А 29 декабря 1950 года в кабинет Берии зашел секретарь, забрать подписанные бумаги, и задержался, ожидая, когда Берия закончит писать резолюцию на очередном документе.

– Кстати, товарищ Берия. Из отдела кадров МГУ позвонили по поводу Лаврентьева – они запомнили, что мы им интересовались.

Берия поднял голову и с интересом посмотрел на секретаря.

– У него отца нет, а мать – медсестра. Короче, у него нет денег, чтобы оплатить учебу в университете. Его выгоняют.

Он раньше подрабатывал и оплачивал учебу сам, а сейчас, видимо, не получается.

– Та-ак! – Берия стукнул кулаком по столу. – Я чувствовал, что университету имени Ломоносова Ломоносовы не нужны,– и снял телефонную трубку. – Соедините с Махневым, – распорядился он и через полминуты жестко напомнил Махневу. – Я просил познакомить меня с Лаврентьевым и Сахаровым… Я просил напоминать… – Берия посмотрел свое расписание в календаре и согласовал дату, – 6-7 января, часиков на 9-10 вечера.

Затем, обращаясь к секретарю, дал задание.

– Позвоните в отдел кадров МГУ, пусть не спешат с отчислением, мы этот вопрос решим.

А у Олега началась зимняя сессия.
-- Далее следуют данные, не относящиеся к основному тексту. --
lemma red_one: "red n 1 = 1 mod 2^n"
  by (simp add: red_def one_padic2.rep_eq)

lemma red_eqI: "(\<And>n. red n x = red n y) \<Longrightarrow> x = y"
  by (metis digits_inject ext red_def)

lemma red_of_nat: "red n (of_nat j) = int j mod 2^n"
proof (induction j)
  case 0
  then show ?case by (simp add: red_zero)
next
  case (Suc j)
  have "red n (of_nat (Suc j)) = (red n 1 + red n (of_nat j)) mod 2^n"
    by (simp add: red_add)
  also have "\<dots> = (1 mod 2^n + int j mod 2^n) mod 2^n"
    by (simp only: red_one Suc.IH)
  also have "\<dots> = (1 + int j) mod 2^n"
    by (rule mod_add_eq)
  finally show ?case by simp
qed

lemma red_of_int: "red n (of_int r) = r mod 2^n"
proof (cases r rule: int_cases)
  case (nonneg j)
  then show ?thesis by (simp add: red_of_nat)
next
  case (neg j)
  then have "of_int r = (0::padic2) - of_nat (Suc j)"
    by simp
  then have "red n (of_int r) = (red n 0 - red n (of_nat (Suc j))) mod 2^n"
    by (simp only: red_diff)
  also have "\<dots> = (0 - int (Suc j) mod 2^n) mod 2^n"
    by (simp only: red_zero red_of_nat)
  also have "\<dots> = (0 - int (Suc j)) mod 2^n"
    by (rule mod_diff_right_eq)
  finally show ?thesis using neg by simp
qed

lemma red_mult_pow2: "red (j + m) ((2::padic2)^m * b) = 2^m * red j b"
proof -
  have "red (j + m) (2^m * b) = (2^m * red (j + m) b) mod (2^m * 2^j)"
    using red_of_int[of "j + m" "2^m"]
    by (simp add: red_mult mod_mult_left_eq power_add mult.commute)
  also have "\<dots> = 2^m * red j b"
    by (simp add: mod_mult_mult1 red_compat)
  finally show ?thesis .
qed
После первого экзамена по математике он вернулся в общежитие поздно вечером и неожиданно узнал от соседей по комнате, что его разыскивали и оставили номер телефона, по которому Олег должен позвонить, как только придет. Человек на другом конце провода представился: «Министр измерительного приборостроения Махнев», – и предложил приехать к нему прямо сейчас, хотя время было позднее. Сказал: «Подъезжайте к Спасским воротам». Пораженный Олег не сразу поверил, что его приглашают в Кремль, который в то время был закрыт для доступа посетителей, и переспросил адрес, а министр терпеливо стал объяснять, куда надо ехать.

В бюро пропусков, кроме Олега, был еще один молодой мужчина, который внимательно на него посмотрел, когда Олег, получая пропуск, назвал свою фамилию. Оказалось, что им нужно идти по одному адресу, и когда они пришли в приемную, Махнев вышел из кабинета и познакомил их.

Так Андрей Дмитриевич Сахаров впервые увидел человека, изобретение которого самого Сахарова прославит.

На столе у министра Лаврентьев увидел свою вторую, аккуратно отпечатанную работу, а рисунок к ней уже был выполнен тушью. Кто-то прошелся по тексту красным карандашом, подчеркнув отдельные слова и сделав пометки на полях. Махнев спросил, читал ли Сахаров эту работу Лаврентьева. Оказалось, что он читал и предыдущую, и эти работы произвели на него сильное впечатление. Особенно важным он считал выбор Олегом умеренной плотности плазмы.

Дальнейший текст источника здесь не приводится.